Nuestra Resurrección, dice el Catecismo de la Iglesia Católica, “sobrepasa nuestra imaginación y nuestro entendimiento; no es accesible más que en la fe”. Cristo resucitó con su propio cuerpo:“Mirad mis manos y mis pies; soy Yo mismo” (Lc.24,39); pero El no volvió a una vida terrenal. En El todos resucitarán con su propio cuerpo, el que tienen ahora, pero este cuerpo será “transfigurado en cuerpo de gloria” (Flp.3,21), “en cuerpo espiritual" (1Cor. 15,44)
Pero ¿Quiénes resucitarán? El catecismo de la iglesia nos recuerda en el número 998 que todos los hombres que han muerto. Unos para la condenación y otros para la salvación. Es decir, todos resucitaremos: salvados y condenados. Unos para una resurrección de gloria y de felicidad eternas. Otros para una resurrección de condenación e infelicidad eternas
El misterio de la Asunción de la Santísima Virgen María al Cielo nos recuerda el sentido de nuestra vida en la tierra y lo que nos espera después de la muerte. El hecho de que la Santísima Virgen fuera llevada en cuerpo y alma al Cielo, cuestión que es dogma de fe para el católico, es un verdadero signo de esperanza para todos.

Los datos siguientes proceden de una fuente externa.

lemma titu_inequality:
  fixes s w :: "'i \<Rightarrow> real"
  assumes "finite I" and w_nonneg: "\<And>i. i \<in> I \<Longrightarrow> 0 \<le> w i"
    and s_zero: "\<And>i. i \<in> I \<Longrightarrow> w i = 0 \<Longrightarrow> s i = 0"
  shows "(\<Sum>i\<in>I. s i)\<^sup>2 / (\<Sum>i\<in>I. w i) \<le> (\<Sum>i\<in>I. (s i)\<^sup>2 / w i)"
proof (cases "(\<Sum>i\<in>I. w i) = 0")
  case True
  then show ?thesis by (simp add: sum_nonneg w_nonneg)
next
  case False
  define S W where "S = (\<Sum>i\<in>I. s i)" and "W = (\<Sum>i\<in>I. w i)"
  have "W > 0" using False w_nonneg by (simp add: W_def order_less_le sum_nonneg)
  define l where "l = S / W"
  have tangent: "2 * l * s i - l\<^sup>2 * w i \<le> (s i)\<^sup>2 / w i" if "i \<in> I" for i
  proof (cases "w i = 0")
    case True
    then show ?thesis using s_zero that by simp
  next
    case False
    then have "w i > 0" using w_nonneg that by (simp add: order_less_le)
    then have "0 \<le> (s i - l * w i)\<^sup>2 / w i" by simp
    also have "\<dots> = (s i)\<^sup>2 / w i - (2 * l * s i - l\<^sup>2 * w i)"
      using \<open>w i > 0\<close> by (simp add: field_simps power2_eq_square)
    finally show ?thesis by simp
  qed
  have "S\<^sup>2 / W = 2 * l * S - l\<^sup>2 * W"
    using \<open>W > 0\<close> by (simp add: l_def field_simps power2_eq_square)
  also have "\<dots> = (\<Sum>i\<in>I. 2 * l * s i - l\<^sup>2 * w i)"
    by (simp add: S_def W_def sum_subtractf sum_distrib_left)
  also have "\<dots> \<le> (\<Sum>i\<in>I. (s i)\<^sup>2 / w i)"
    by (rule sum_mono) (rule tangent)
  finally show ?thesis by (simp add: S_def W_def)
qed

lemma quad_form_clique_ge:
  fixes M :: "'a \<Rightarrow> 'a \<Rightarrow> real"
  assumes "finite S"
    and diag: "\<And>a. a \<in> S \<Longrightarrow> M a a = 1"
    and off_diag: "\<And>a b. a \<in> S \<Longrightarrow> b \<in> S \<Longrightarrow> a \<noteq> b \<Longrightarrow> M a b = 1/2"
  shows "(\<Sum>a\<in>S. u a)\<^sup>2 / (2 * real (card S) / (real (card S) + 1)) \<le> quad_form M S u"
proof -
  have "quad_form M S u = (\<Sum>a\<in>S. \<Sum>b\<in>S. u a * u b / 2 + (if a = b then (u a)\<^sup>2 / 2 else 0))"
    unfolding quad_form_def
    by (intro sum.cong refl) (auto simp: diag off_diag power2_eq_square)
  also have "\<dots> = (\<Sum>a\<in>S. u a)\<^sup>2 / 2 + (\<Sum>a\<in>S. (u a)\<^sup>2) / 2"
    using \<open>finite S\<close>
    by (simp add: sum.distrib sum_divide_distrib sum_product power2_eq_square)
  finally have q: "quad_form M S u = (\<Sum>a\<in>S. u a)\<^sup>2 / 2 + (\<Sum>a\<in>S. (u a)\<^sup>2) / 2" .
  have "(\<Sum>a\<in>S. u a)\<^sup>2 / real (card S) \<le> (\<Sum>a\<in>S. (u a)\<^sup>2)"
    using titu_inequality[of S "\<lambda>_. 1" u] \<open>finite S\<close> by simp
  then show ?thesis
    unfolding q by (cases "card S = 0") (simp_all add: field_simps)
qed

lemma sum_lessThan_rotate:
  fixes k :: nat
  assumes "0 < k"
  shows "(\<Sum>m<k. h ((m + 1) mod k)) = (\<Sum>m<k. h m :: 'b :: comm_monoid_add)"
proof -
  obtain n where k: "k = Suc n" using assms by (cases k) auto
  have "(\<Sum>m<Suc n. h ((m + 1) mod Suc n)) = h 0 + (\<Sum>m<n. h (Suc m))"
    by (simp add: add.commute)
  also have "\<dots> = (\<Sum>m<Suc n. h m)"
    by (rule sum.lessThan_Suc_shift[symmetric])
  finally show ?thesis using k by simp
qed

La Virgen María nos muestra, con su vida en la tierra y su Asunción al Cielo, el camino que hemos de recorrer todos nosotros total identificación de nuestra voluntad con la Voluntad de Dios en esta vida y luego el paso a la otra Vida, al Cielo que Dios Padre nos tiene preparado desde toda la eternidad. Allí estaremos en cuerpo y alma gloriosos, como está María, porque seremos resucitados, tal como Cristo resucitó y tal como El lo tiene prometido a todo el que cumpla la Voluntad del Padre (cfr. Juan 5,29 y 6,40).

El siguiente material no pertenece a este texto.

lemma srg_coclique_outside_counts:
  assumes srg: "srg X E v k lam mu" and C: "coclique X E C"
  defines "c \<equiv> real (card C)"
  shows "(\<Sum>x\<in>X - C. real (card (nbrs C E x))) = c * k"
    and "(\<Sum>x\<in>X - C. (real (card (nbrs C E x)))\<^sup>2) = c * (k + (c - 1) * mu)"
    and "(\<Sum>x\<in>X - C. \<Sum>y\<in>X - C. real (common_nbrs C E x y)) = c * (real k)\<^sup>2"
    and "(\<Sum>x\<in>X - C. \<Sum>y\<in>X - C. (real (common_nbrs C E x y))\<^sup>2)
       = c * ((real k)\<^sup>2 + (c - 1) * (real mu)\<^sup>2)"
proof -
  have finX: "finite X"
    using srg_finite[OF srg] .
  have finC: "finite C"
    using C finX by (auto simp: coclique_def intro: finite_subset)
  define Y where "Y = X - C"
  have finY: "finite Y"
    using finX by (simp add: Y_def)
  have pair: "real (card {x\<in>Y. E x z \<and> E x z'}) = (if z = z' then real k else mu)"
    if "z \<in> C" "z' \<in> C" for z z'
    using srg_coclique_common_nbrs_outside[OF srg C that] by (simp add: Y_def)
  show "(\<Sum>x\<in>X - C. real (card (nbrs C E x))) = c * k"
    using sum_card_nbrs_swap[OF finY finC, of E] pair[of z z for z]
    by (simp add: c_def Y_def[symmetric] cong: sum.cong)
  show "(\<Sum>x\<in>X - C. \<Sum>y\<in>X - C. real (common_nbrs C E x y)) = c * (real k)\<^sup>2"
    using sum_common_nbrs[OF finY finC, of E] pair[of z z for z]
    by (simp add: c_def Y_def[symmetric] cong: sum.cong)
  have "(\<Sum>x\<in>Y. (real (card (nbrs C E x)))\<^sup>2) = (\<Sum>z\<in>C. \<Sum>z'\<in>C. if z = z' then real k else mu)"
    unfolding sum_square_card_nbrs[OF finY finC] by (intro sum.cong refl) (simp add: pair)
  also have "\<dots> = c * (k + (c - 1) * mu)"
    using finC by (simp add: sum_if_eq c_def)
  finally show "(\<Sum>x\<in>X - C. (real (card (nbrs C E x)))\<^sup>2) = c * (k + (c - 1) * mu)"
    by (simp only: Y_def)
  have "(\<Sum>x\<in>Y. \<Sum>y\<in>Y. (real (common_nbrs C E x y))\<^sup>2)
      = (\<Sum>z\<in>C. \<Sum>z'\<in>C. if z = z' then (real k)\<^sup>2 else (real mu)\<^sup>2)"
    unfolding sum_square_common_nbrs[OF finY finC] by (intro sum.cong refl) (simp add: pair)
  also have "\<dots> = c * ((real k)\<^sup>2 + (c - 1) * (real mu)\<^sup>2)"
    using finC by (simp add: sum_if_eq c_def)
  finally show "(\<Sum>x\<in>X - C. \<Sum>y\<in>X - C. (real (common_nbrs C E x y))\<^sup>2)
      = c * ((real k)\<^sup>2 + (c - 1) * (real mu)\<^sup>2)"
    by (simp only: Y_def)
qed

lemma hoffman_coclique_algebra:
  fixes s k v c lam mu :: real
  assumes eig: "s\<^sup>2 = (lam - mu) * s + (k - mu)"
    and param: "k * (k - lam - 1) = mu * (v - k - 1)"
    and size: "c * (s - k) = v * s" and "s \<noteq> k"
  shows "(c - 1) * mu = - k * (s + 1)"
proof -
  have "(s - k) * ((c - 1) * mu + k * (s + 1))
      = k * (s\<^sup>2 - (lam - mu) * s - (k - mu)) + mu * (c * (s - k) - v * s)
        + s * (mu * (v - k - 1) - k * (k - lam - 1))"
    by (simp add: algebra_simps power2_eq_square)
  also have "\<dots> = 0"
    using assms by simp
  finally have "(c - 1) * mu + k * (s + 1) = 0"
    using \<open>s \<noteq> k\<close> by simp
  then show ?thesis
    by linarith
qed

lemma srg_coclique_hoffman_regular:
  assumes srg: "srg X E v k lam mu" and eig: "adj_eigenvalue X E s" "s < 0"
    and C: "coclique X E C" and size: "real (card C) = real v * s / (s - real k)"
  shows "\<forall>x\<in>X - C. real (card (nbrs C E x)) = - s"
proof (cases "X - C = {}")
  case False
  define c where "c = real (card C)"
  define d where "d x = real (card (nbrs C E x))" for x
  have finX: "finite X"
    using srg_finite[OF srg] .
  have "s \<noteq> real k"
    using \<open>s < 0\<close> by simp
  have size': "c * (s - real k) = real v * s"
    using size \<open>s < 0\<close> by (simp add: c_def field_simps)
  have hoff: "(c - 1) * mu = - real k * (s + 1)"
    using hoffman_coclique_algebra[OF srg_eigenvalue_equation[OF srg eig(1) \<open>s \<noteq> real k\<close>]
        srg_parameter_relation[OF srg] size' \<open>s \<noteq> real k\<close>] False
    by blast
  have "card (X - C) = card X - card C" "card C \<le> card X" "card X = v"
    using C finX srg by (auto simp: coclique_def srg_def intro: card_Diff_subset finite_subset card_mono)
  then have card_outside: "real (card (X - C)) = real v - c"
    by (simp add: c_def of_nat_diff)
  have "(\<Sum>x\<in>X - C. (d x + s)\<^sup>2)
      = (\<Sum>x\<in>X - C. (d x)\<^sup>2) + 2 * s * (\<Sum>x\<in>X - C. d x) + real (card (X - C)) * s\<^sup>2"
    by (simp add: power2_sum sum.distrib sum_distrib_left mult_ac)
  also have "\<dots> = c * (k + (c - 1) * mu) + 2 * s * (c * k) + (real v - c) * s\<^sup>2"
    using srg_coclique_outside_counts(1,2)[OF srg C] card_outside by (simp add: d_def c_def)
  also have "\<dots> = c * k + c * (- real k * (s + 1)) + 2 * s * (c * k) + (real v - c) * s\<^sup>2"
    by (simp only: distrib_left hoff)
  also have "\<dots> = - s * (c * (s - real k) - real v * s)"
    by (simp add: algebra_simps power2_eq_square)
  also have "\<dots> = 0"
    by (simp add: size')
  finally show ?thesis
    using finX by (simp add: sum_nonneg_eq_0_iff add_eq_0_iff d_def)
qed blast

lemma common_nbrs_Diff_add:
  assumes "finite X" "C \<subseteq> X"
  shows "common_nbrs (X - C) E x y + common_nbrs C E x y = common_nbrs X E x y"
proof -
  have "(X - C) \<union> C = X" "(X - C) \<inter> C = {}"
    using assms(2) by auto
  then show ?thesis
    using common_nbrs_Un_disjoint[of "X - C" C E x y] assms by (simp add: finite_subset)
qed

lemma coclique_complement_common_nbrs_block:
  assumes srg: "srg X E v k mu mu" and CX: "C \<subseteq> X"
    and reg: "\<forall>x\<in>X - C. real (card (nbrs C E x)) = a"
    and ddg: "ddg_with_partition (X - C) E P V K lam1 lam2 m n"
    and lam1: "real lam1 = real mu - a"
    and B: "B \<in> P" "x \<in> B" and y: "y \<in> X - C"
  shows "real (common_nbrs C E x y) = (if y \<in> B then a else real mu - lam2)"
proof -
  have part: "partition_on (X - C) P"
    and within: "\<And>x y. x \<in> B \<Longrightarrow> y \<in> B \<Longrightarrow> x \<noteq> y \<Longrightarrow> common_nbrs (X - C) E x y = lam1"
    and across: "\<And>B' x y. B' \<in> P \<Longrightarrow> B \<noteq> B' \<Longrightarrow> x \<in> B \<Longrightarrow> y \<in> B' \<Longrightarrow>
      common_nbrs (X - C) E x y = lam2"
    using ddg B(1) unfolding ddg_with_partition_def by blast+
  have x: "x \<in> X - C"
    using part B by (auto simp: partition_on_def)
  have finX: "finite X"
    using srg_finite[OF srg] .
  have outside: "real (common_nbrs C E x y) = real mu - common_nbrs (X - C) E x y" if "x \<noteq> y"
    using common_nbrs_Diff_add[OF finX CX, of E x y] srg_common_nbrs[OF srg, of x y] x y that
    by (simp split: if_splits)
  show ?thesis
  proof (cases "y \<in> B")
    case True
    show ?thesis
    proof (cases "x = y")
      case True
      then show ?thesis
        using reg x \<open>y \<in> B\<close> by (simp add: common_nbrs_self)
    next
      case False
      then show ?thesis
        using outside[OF False] within[OF B(2) \<open>y \<in> B\<close> False] lam1 \<open>y \<in> B\<close> by simp
    qed
  next
    case False
    obtain B' where B': "B' \<in> P" "y \<in> B'"
      using part y by (auto simp: partition_on_def)
    have "B \<noteq> B'" "x \<noteq> y"
      using B(2) B'(2) False by auto
    then show ?thesis
      using outside across[OF B'(1) _ B(2) B'(2)] False by simp
  qed
qed

lemma sum_partition_blocks:
  fixes H :: "'a \<Rightarrow> 'a \<Rightarrow> real"
  assumes "finite Y" "partition_on Y P" "\<forall>B\<in>P. card B = n"
    and H: "\<And>B x y. B \<in> P \<Longrightarrow> x \<in> B \<Longrightarrow> y \<in> Y \<Longrightarrow> H x y = (if y \<in> B then p else q)"
  shows "(\<Sum>x\<in>Y. \<Sum>y\<in>Y. H x y) = card Y * (p * n + q * (real (card Y) - n))"
proof -
  have "(\<Sum>y\<in>Y. H x y) = p * n + q * (real (card Y) - n)" if "x \<in> Y" for x
  proof -
    obtain B where B: "B \<in> P" "x \<in> B"
      using assms(2) \<open>x \<in> Y\<close> by (auto simp: partition_on_def)
    then have "B \<subseteq> Y" "card B = n"
      using assms(2,3) by (auto simp: partition_on_def)
    then show ?thesis
      using sum_if_mem[OF assms(1), of B p q] H[OF B] by (simp cong: sum.cong)
  qed
  then show ?thesis
    by simp
qed

lemma card_partition_on:
  assumes "finite Y" "partition_on Y P" "\<forall>B\<in>P. card B = n"
  shows "card Y = n * card P"
proof -
  have "\<Union>P = Y" "disjoint P"
    using assms(2) by (auto simp: partition_on_def)
  then show ?thesis
    using card_partition[of P n] finite_elements[OF assms(1,2)] assms(1,3)
    by (simp add: disjoint_def)
qed

lemma srg_opposite_eigenvalues:
  assumes srg: "srg X E v k lam mu" and "a > 0" "a \<noteq> real k"
    and "adj_eigenvalue X E a" "adj_eigenvalue X E (- a)"
  shows "lam = mu" and "real mu = real k - a\<^sup>2"
proof -
  have "- a \<noteq> real k"
    using \<open>a > 0\<close> by (metis neg_less_0_iff_less not_less of_nat_0_le_iff)
  have plus: "a\<^sup>2 = (real lam - mu) * a + (real k - mu)"
    using srg_eigenvalue_equation[OF srg assms(4,3)] .
  have minus: "(- a)\<^sup>2 = (real lam - mu) * (- a) + (real k - mu)"
    using srg_eigenvalue_equation[OF srg assms(5) \<open>- a \<noteq> real k\<close>] .
  have "2 * ((real lam - mu) * a) = ((real lam - mu) * a + (real k - mu)) - ((real lam - mu) * (- a) + (real k - mu))"
    by (simp add: algebra_simps)
  also have "\<dots> = 0"
    by (simp only: plus[symmetric] minus[symmetric]) simp
  finally show "lam = mu"
    using \<open>a > 0\<close> by simp
  with plus show "real mu = real k - a\<^sup>2"
    by simp
qed

lemma coclique_count_equations_reduce:
  fixes a k c mu V t n :: real
  assumes "a > 0" "V \<noteq> 0" and mu: "mu = k - a\<^sup>2"
    and deg: "c * k = V * a" and deg_sq: "c * (k + (c - 1) * mu) = V * a\<^sup>2"
    and row: "V * (a * n + t * (V - n)) = c * k\<^sup>2"
    and row_sq: "V * (a\<^sup>2 * n + t\<^sup>2 * (V - n)) = c * (k\<^sup>2 + (c - 1) * mu\<^sup>2)"
  shows "a * n + t * (V - n) = a * k"
    and "a\<^sup>2 * n + t\<^sup>2 * (V - n) = a * (k + (a - 1) * mu)"
    and "(V - k) * mu = a * k * (a - 1)"
proof -
  have pairs: "c * ((c - 1) * mu) = V * (a * (a - 1))"
    using deg deg_sq by (simp add: algebra_simps power2_eq_square)
  have "V * (a * n + t * (V - n)) = V * (a * k)"
    using row deg by (simp add: power2_eq_square algebra_simps)
  then show "a * n + t * (V - n) = a * k"
    using \<open>V \<noteq> 0\<close> by simp
  have "c * (k\<^sup>2 + (c - 1) * mu\<^sup>2) = (c * k) * k + (c * ((c - 1) * mu)) * mu"
    by (simp add: algebra_simps power2_eq_square)
  also have "\<dots> = V * (a * (k + (a - 1) * mu))"
    by (simp only: deg pairs) (simp add: algebra_simps)
  finally show "a\<^sup>2 * n + t\<^sup>2 * (V - n) = a * (k + (a - 1) * mu)"
    using row_sq \<open>V \<noteq> 0\<close> by simp
  have "V * a * ((c - 1) * mu) = (c * ((c - 1) * mu)) * k"
    by (simp only: deg[symmetric]) (simp add: algebra_simps)
  also have "\<dots> = V * a * (k * (a - 1))"
    by (simp only: pairs) (simp add: algebra_simps)
  finally have "(c - 1) * mu = k * (a - 1)"
    using \<open>V \<noteq> 0\<close> \<open>a > 0\<close> by simp
  moreover have "a * ((V - k) * mu) - a * (a * k * (a - 1))
      = mu * (V * a - c * k) + k * ((c - 1) * mu - k * (a - 1)) + k * (a - 1) * (k - a\<^sup>2 - mu)"
    by (simp add: algebra_simps power2_eq_square)
  ultimately have "a * ((V - k) * mu) = a * (a * k * (a - 1))"
    using deg mu by simp
  then show "(V - k) * mu = a * k * (a - 1)"
    using \<open>a > 0\<close> by simp
qed

lemma block_count_equations_degree:
  fixes a k mu n V t :: real
  assumes "a > 0" "V \<noteq> n" "t \<noteq> a" and mu: "mu = k - a\<^sup>2"
    and row: "a * n + t * (V - n) = a * k"
    and row_sq: "a\<^sup>2 * n + t\<^sup>2 * (V - n) = a * (k + (a - 1) * mu)"
    and deg: "(V - k) * mu = a * k * (a - 1)"
  shows "k = n * a" and "(V - k) * (n - a) = n * a * (a - 1)"
proof -
  define D where "D = V - n"
  define R where "R = V - k"
  have tD: "t * D = a * (k - n)" and t2D: "t\<^sup>2 * D = a * (k + (a - 1) * mu) - a\<^sup>2 * n"
    using row row_sq by (simp_all add: D_def algebra_simps)
  have e1: "a * R = D * (a - t)"
    using tD by (simp add: D_def R_def algebra_simps)
  have "D * (a - t)\<^sup>2 = a\<^sup>2 * D - 2 * a * (t * D) + t\<^sup>2 * D"
    by (simp add: power2_eq_square algebra_simps)
  also have "\<dots> = a\<^sup>2 * (R - a\<^sup>2 + a)"
    by (simp only: tD t2D) (simp add: mu D_def R_def power2_eq_square algebra_simps)
  finally have e2: "D * (a - t)\<^sup>2 = a\<^sup>2 * (R - a\<^sup>2 + a)" .
  have "a\<^sup>2 * R\<^sup>2 = D * (D * (a - t)\<^sup>2)"
    using e1 by (metis power2_eq_square power_mult_distrib mult.assoc mult.commute)
  then have "a\<^sup>2 * R\<^sup>2 = a\<^sup>2 * (D * (R - a\<^sup>2 + a))"
    by (simp add: e2 algebra_simps)
  then have e4: "R\<^sup>2 = D * (R - a\<^sup>2 + a)"
    using \<open>a > 0\<close> by simp
  have e5: "R * (n - a) = n * a * (a - 1)"
    using e4 deg unfolding mu by (simp add: D_def R_def algebra_simps power2_eq_square)
  have "R \<noteq> 0"
    using e1 \<open>V \<noteq> n\<close> \<open>t \<noteq> a\<close> \<open>a > 0\<close> by (auto simp: D_def)
  moreover have "R * (k * (n - a)) = R * (n * mu)"
  proof -
    have "R * (k * (n - a)) = k * (R * (n - a))"
      by (simp add: algebra_simps)
    also have "\<dots> = n * (a * k * (a - 1))"
      by (simp only: e5) (simp add: algebra_simps)
    also have "\<dots> = R * (n * mu)"
      by (simp only: deg[folded R_def, symmetric]) (simp add: algebra_simps)
    finally show ?thesis .
  qed
  ultimately have "k * (n - a) = n * mu"
    by simp
  then have "a * k = a * (n * a)"
    by (auto simp: mu algebra_simps power2_eq_square)
  then show "k = n * a"
    using \<open>a > 0\<close> by simp
  show "(V - k) * (n - a) = n * a * (a - 1)"
    using e5 by (simp add: R_def)
qed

Explicaba el Papa Juan Pablo II en su libro Cruzando el Umbral de la Esperanza, que la condenación es lo opuesto a la salvación, pero que tienen en común que ambas son eternas. El peor mal es la condenación eterna: el rechazo del hombre por parte de Dios, como consecuencia del rechazo de Dios por parte del hombre. Pero el mayor bien es la salvación eterna: la felicidad que proviene de la unión con Dios. Es el gozar de la llamada Visión Beatífica, es decir, el ver a Dios mismo "cara a cara" (1Cor. 13, 12). De esto se trata el Cielo, que es un estado, un sitio indescriptible con nuestros limitados conocimientos humanos, pero sabemos que es mucho más de lo que podemos anhelar o imaginar. Por eso dice San Pablo: "ni el ojo vio, ni el oído escuchó, ni el corazón del humano pudo imaginar lo que Dios ha preparado para aquéllos que le aman" (1Cor. 2, 9).
La Eucaristía es el cielo en la tierra. |
Verdaderamente el Señor hace nuevas todas las cosas ¡Gracias Señor!
Bajo tu protección nos acogemos, Santa Madre de Dios; no deseches las súplicas que te dirigimos en nuestras necesidades; antes bien, líbranos de todo peligro, oh Virgen gloriosa y bendita. Ruega por nosotros santa Madre de Dios. Para que seamos dignos de las promesas de Cristo.